数据集¶

Torchvision 在 torchvision.datasets 模块中提供了许多内置数据集，以及用于构建自定义数据集的实用类。

内置数据集¶

所有数据集都是torch.utils.data.Dataset的子类即，它们实现了__getitem__和__len__方法。因此，它们都可以传递给torch.utils.data.DataLoader 它可以使用torch.multiprocessing工作器并行加载多个样本。例如：

imagenet_data = torchvision.datasets.ImageNet('path/to/imagenet_root/')
data_loader = torch.utils.data.DataLoader(imagenet_data,
                                          batch_size=4,
                                          shuffle=True,
                                          num_workers=args.nThreads)
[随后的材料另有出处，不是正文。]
(* Let $(V_o,w_o,\mu_o)$ be a simple weighted graph with adapted weight $\sigma_o$, fix $\bar x\in V_o$, and let $(V,w,\mu)$ be its modified graph with weight $\mathfrak n$ and adapted path metric $d_\sigma$, with edge set $E$. Assume the balls of $(V,d_\sigma)$ are finite. For $n\in\mathbb N$ let $R_n=2^{n+4}$ and set: - $B_n^o=B_{d_\sigma}(\bar x,R_n-1)\cap V_o$; - $E^o_n=\{(x,y)\in E_o: x,y\in B^o_n\}$; - $B_n'=B_n^o\cup\bigcup_{e\in E_n^o}V_e$ (with $V_e$ taken for whichever orientation of $e$ lies in $E_o^+$); - $B_n=\operatorname{int}(B_n')$. Here closures, interiors and boundaries are taken with respect to the graph $(V,E)$. Then: (1) $\partial B_n\subseteq V_o$; (2) $B_{d_\sigma}(\bar x,R_n-3)\subseteq B_n\subseteq B_{d_\sigma}(\bar x,R_n)$; (3) for all $n\ge1$, if $x\in\partial B_{n-1}$ and $y\in\partial B_n$, then $d_\sigma(x,y)\ge R_{n-1}-3$.
   Context: **Weighted graphs.** A simple weighted graph $(V,w,\mu)$ consists of a countably infinite set $V$, a symmetric function $w:V\times V\to[0,\infty)$ and a function $\mu:V\to(0,\infty)$. The graph with edges $\{x\sim y:w(x,y)>0\}$ is assumed to be locally finite, connected, and without loops or multiple edges. **Adapted weights and metrics.** An adapted weight is a symmetric $\sigma:E\to(0,1]$ with $\frac1{\mu(x)}\sum_y w(x,y)\sigma(x,y)^2\le1$ for all $x$. The adapted path metric $d_\sigma(x,y)$ is the infimum of $\sum_i\sigma(x_i,x_{i+1})$ over paths $x=x_0\sim\cdots\sim x_n=y$. Closed balls are $B_d(x,r)=\{y:d(x,y)\le r\}$. **Modified graph.** Fix an orientation $E_o^+$ of $E_o$, and let $\mathfrak n:E_o\to\mathbb N_+$ be symmetric with $\mathfrak n\ge2$. For $e=(x,y)\in E_o^+$, add distinct new vertices $V_e=\{x^e_1,\dots,x^e_{\mathfrak n(e)-1}\}$, set $x_0^e=x$, $x^e_{\mathfrak n(e)}=y$, and replace the edge $x\sim y$ by the path $x^e_0\sim\cdots\sim x^e_{\mathfrak n(e)}$; $E$ is the resulting edge set on $V=V_o\cup\bigcup_eV_e$. Weights and measure: - $w(x^e_i,x^e_{i+1})=\mathfrak n(e)w_o(e)$, symmetric, and $w=0$ otherwise; - $\mu=\mu_o$ on $V_o$, and $\mu(x^e_i)=2w_o(e)\sigma_o(e)^2/\mathfrak n(e)$; - $\sigma(x^e_i,x^e_{i+1})=\sigma_o(e)/\mathfrak n(e)$. **Graph closure, boundary, interior.** For finite $K\subseteq V$: - $\mathrm{cl}(K)=K\cup\{x:\exists y\in K,\ x\sim y\}$; - $\partial K=\mathrm{cl}(K)\setminus K$; - $\operatorname{int}(K)$ is the largest $L\subseteq K$ with $\mathrm{cl}(L)\subseteq K$. *)

theory Defs
  imports Complex_Main "HOL-Library.Countable_Set"
begin

definition edges :: "('a \<Rightarrow> 'a \<Rightarrow> real) \<Rightarrow> ('a \<times> 'a) set" where
  "edges w = {(x, y). w x y > 0}"

definition path_in :: "('a \<times> 'a) set \<Rightarrow> 'a list \<Rightarrow> 'a \<Rightarrow> 'a \<Rightarrow> bool" where
  "path_in E xs u v \<longleftrightarrow> xs \<noteq> [] \<and> hd xs = u \<and> last xs = v \<and>
     (\<forall>i < length xs - 1. (xs ! i, xs ! Suc i) \<in> E)"

definition path_len :: "('a \<Rightarrow> 'a \<Rightarrow> real) \<Rightarrow> 'a list \<Rightarrow> real" where
  "path_len \<sigma> xs = (\<Sum>i < length xs - 1. \<sigma> (xs ! i) (xs ! Suc i))"

definition path_dist :: "('a \<times> 'a) set \<Rightarrow> ('a \<Rightarrow> 'a \<Rightarrow> real) \<Rightarrow> 'a \<Rightarrow> 'a \<Rightarrow> real" where
  "path_dist E \<sigma> u v = Inf {path_len \<sigma> xs | xs. path_in E xs u v}"

definition cball_path :: "'a set \<Rightarrow> ('a \<times> 'a) set \<Rightarrow> ('a \<Rightarrow> 'a \<Rightarrow> real) \<Rightarrow> 'a \<Rightarrow> real \<Rightarrow> 'a set" where
  "cball_path V E \<sigma> x r = {y \<in> V. path_dist E \<sigma> x y \<le> r}"

definition simple_weighted_graph :: "'a set \<Rightarrow> ('a \<Rightarrow> 'a \<Rightarrow> real) \<Rightarrow> ('a \<Rightarrow> real) \<Rightarrow> bool" where
  "simple_weighted_graph V w \<mu> \<longleftrightarrow>
     countable V \<and> infinite V \<and>
     (\<forall>x y. w x y = w y x) \<and> (\<forall>x y. 0 \<le> w x y) \<and>
     (\<forall>x y. 0 < w x y \<longrightarrow> x \<in> V \<and> y \<in> V) \<and>
     (\<forall>x \<in> V. 0 < \<mu> x) \<and>
     (\<forall>x. w x x = 0) \<and>
     (\<forall>x \<in> V. finite {y. 0 < w x y}) \<and>
     (\<forall>x \<in> V. \<forall>y \<in> V. \<exists>xs. path_in (edges w) xs x y)"

definition adapted_weight :: "'a set \<Rightarrow> ('a \<Rightarrow> 'a \<Rightarrow> real) \<Rightarrow> ('a \<Rightarrow> real) \<Rightarrow> ('a \<Rightarrow> 'a \<Rightarrow> real) \<Rightarrow> bool" where
  "adapted_weight V w \<mu> \<sigma> \<longleftrightarrow>
     (\<forall>(x, y) \<in> edges w. \<sigma> x y = \<sigma> y x \<and> 0 < \<sigma> x y \<and> \<sigma> x y \<le> 1) \<and>
     (\<forall>x \<in> V. (\<Sum>y \<in> {y. 0 < w x y}. w x y * (\<sigma> x y)\<^sup>2) / \<mu> x \<le> 1)"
所有数据集都有几乎相似的API。它们都有两个共同的参数： transform 和 target_transform 分别用于转换输入和目标。你也可以使用提供的基类创建自己的数据集。

图像分类¶

`Caltech101`(root[, target_type, transform, ...])	Caltech 101 数据集。
`Caltech256`(root[, transform, ...])	Caltech 256 数据集。
`CelebA`(root[, split, target_type, ...])	Large-scale CelebFaces Attributes (CelebA) Dataset 数据集。
`CIFAR10`(root[, train, transform, ...])	CIFAR10 数据集。
`CIFAR100`(root[, train, transform, ...])	CIFAR100 数据集。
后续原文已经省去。